Dr. Melanie Carmichael sat across from me in her office decorated in dark wood and hunter-green. She was as beautiful as I remembered. She and I had met months ago in a hotel bar. We’d both been staying at the hotel for different conferences. Her golden-blond hair had fallen in gentle waves against her shoulders as she sat next to me, sipping a cocktail. She wore it up today, pulled back in a tight bun at the top of her head. She was still gorgeous, even with the severe schoolteacher hairstyle. Piercing green eyes, though—they were the same. I hadn’t been able to look away from them that night in the bar, and I was having a difficult time trying to do so now.

How was I supposed to tell this woman my innermost thoughts?

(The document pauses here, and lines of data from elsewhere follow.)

(* Let $0<\epsilon\le 1/2$. Then $r_{\mathrm{bif}}(-\epsilon)\le 1/4+\epsilon-\epsilon^2$.
   Context: $f_c(z)=z^2+c$, extended to $\widehat{\mathbb{C}}$ by $f_c(\infty)=\infty$. For $c\in\mathbb{C}$, $r\ge0$, $G_{c,r}$ is the semigroup under composition generated by $\{f_{c'}:|c'-c|\le r\}$. A minimal set of a polynomial semigroup $G$ is a minimal element, with respect to inclusion, of the family of non-empty compact $L\subset\widehat{\mathbb{C}}$ with $g(L)\subset L$ for all $g\in G$; it is planar if $\infty\notin L$. The bifurcation radius $r_{\mathrm{bif}}(c)$ is the supremum of those $r\ge0$ for which $G_{c,r}$ has a planar minimal set (equivalently the infimum of those $r\ge0$ for which $G_{c,r}$ has no planar minimal set); by prior work this value is attained and $G_{c,r}$ has a planar minimal set iff $r\le r_{\mathrm{bif}}(c)$. *)

theory Defs
  imports "HOL-Analysis.Analysis"
begin

definition quad :: "complex \<Rightarrow> complex \<Rightarrow> complex" where
  "quad c z = z\<^sup>2 + c"

inductive_set gen_semigroup :: "('a \<Rightarrow> 'a) set \<Rightarrow> ('a \<Rightarrow> 'a) set"
  for S :: "('a \<Rightarrow> 'a) set" where
  gen: "f \<in> S \<Longrightarrow> f \<in> gen_semigroup S"
| comp: "g \<in> gen_semigroup S \<Longrightarrow> h \<in> gen_semigroup S \<Longrightarrow> g \<circ> h \<in> gen_semigroup S"

definition G :: "complex \<Rightarrow> real \<Rightarrow> (complex \<Rightarrow> complex) set" where
  "G c r = gen_semigroup {quad c' | c'. cmod (c' - c) \<le> r}"

definition invariant_compact :: "(complex \<Rightarrow> complex) set \<Rightarrow> complex set \<Rightarrow> bool" where
  "invariant_compact Gr L \<longleftrightarrow> L \<noteq> {} \<and> compact L \<and> (\<forall>g\<in>Gr. g ` L \<subseteq> L)"

(* planar minimal set: minimal set of the semigroup on the Riemann sphere not containing \<infinity>.
   Any compact invariant subset of a planar set is planar, so minimality only needs to be
   tested against subsets of L, all of which lie in the plane. *)
definition planar_minimal_set :: "(complex \<Rightarrow> complex) set \<Rightarrow> complex set \<Rightarrow> bool" where
  "planar_minimal_set Gr L \<longleftrightarrow> invariant_compact Gr L \<and>
     (\<forall>K. K \<subseteq> L \<and> invariant_compact Gr K \<longrightarrow> K = L)"

definition r_bif :: "complex \<Rightarrow> real" where
  "r_bif c = Sup {r. r \<ge> 0 \<and> (\<exists>L. planar_minimal_set (G c r) L)}"

end

theory Submission
  imports Defs
begin

(* Suppose r > 1/4 + eps - eps^2, so that r > eps and r > 1/4, and let L be a nonempty compact
   set invariant under every z^2 + c' with |c' + eps| <= r.  Comparing a point of maximal
   modulus with its image under a parameter pushing it outwards shows L lies in the unit disk;
   then a point of minimal modulus is either sent to 0 or pulled closer to 0, so 0 is in L.
   The parameter disk contains r u for both primitive cube roots of unity u, and
   (t u)^2 + r u^2 = (t^2 + r) u^2 with u^2 again a primitive cube root.  Hence the orbit of 0
   contains points of modulus t_n, where t_0 = 0 and t_(n+1) = t_n^2 + r >= t_n + (r - 1/4),
   which is unbounded: no such L exists. *)

lemma gen_semigroup_fixes:
  assumes "\<And>f. f \<in> S \<Longrightarrow> f p = p" and "g \<in> gen_semigroup S"
  shows "g p = p"
  using assms(2) by induction (simp_all add: assms(1))

lemma quad_has_fixed_point: "\<exists>p. quad c p = p"
proof
  let ?s = "csqrt (1 - 4 * c)"
  show "quad c ((1 - ?s) / 2) = (1 - ?s) / 2"
    by (simp add: quad_def power2_eq_square field_simps) (simp add: algebra_simps flip: power2_eq_square)
qed

lemma planar_minimal_set_G_zero: "\<exists>L. planar_minimal_set (G c 0) L"
proof -
  obtain p where p: "quad c p = p"
    using quad_has_fixed_point by blast
  have "g p = p" if "g \<in> G c 0" for g
    using that unfolding G_def by (rule gen_semigroup_fixes[rotated]) (auto simp: p)
  then have "planar_minimal_set (G c 0) {p}"
    by (auto simp: planar_minimal_set_def invariant_compact_def)
  then show ?thesis ..
qed

lemma invariant_compact_G_quad_mem:
  assumes "invariant_compact (G c r) L" and "cmod (c' - c) \<le> r" and "z \<in> L"
  shows "z\<^sup>2 + c' \<in> L"
proof -
  have "quad c' \<in> G c r"
    unfolding G_def using assms(2) by (blast intro: gen_semigroup.gen)
  then show ?thesis
    using assms(1,3) by (force simp: invariant_compact_def quad_def)
qed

My brother Talon had, and he was on his way to healing from a horrific childhood trauma of being abducted and held captive by three men when he was ten years old. Once I had regained consciousness in the hospital, Talon had come and begged me to make an appointment with his therapist.

So here I was, three weeks later, my ribs still aching a bit, sitting in a supple leather recliner. My brother had sat in this chair, no doubt, and told this woman his deepest secrets. Now it was my turn.

“I’m not sure what to say.”

She smiled. My God, she had a beautiful smile. Her lips were full and red, the color of a ripe currant. “Say whatever you feel like saying, Mr. Steel. This time is for you.”

“First of all, no Mr. Steel. Only Jonah. Or Joe. Whichever you prefer.”

“Okay, Jonah. Why don’t you just start with what brought you in to see me today?”

I felt like a fraud. My brother had been through so much, and here I was, seeing a therapist when there was nothing wrong with me at all—nothing except the guilt that lived inside me like a parasite, killing me from the inside out.

I looked around the room, playing for time. On the wall behind her desk were her various degrees. I was surprised to see a medical degree.

“I thought you were a psychologist,” I said.

“I am.”

“But you went to medical school? Wouldn’t that make you a psychiatrist?”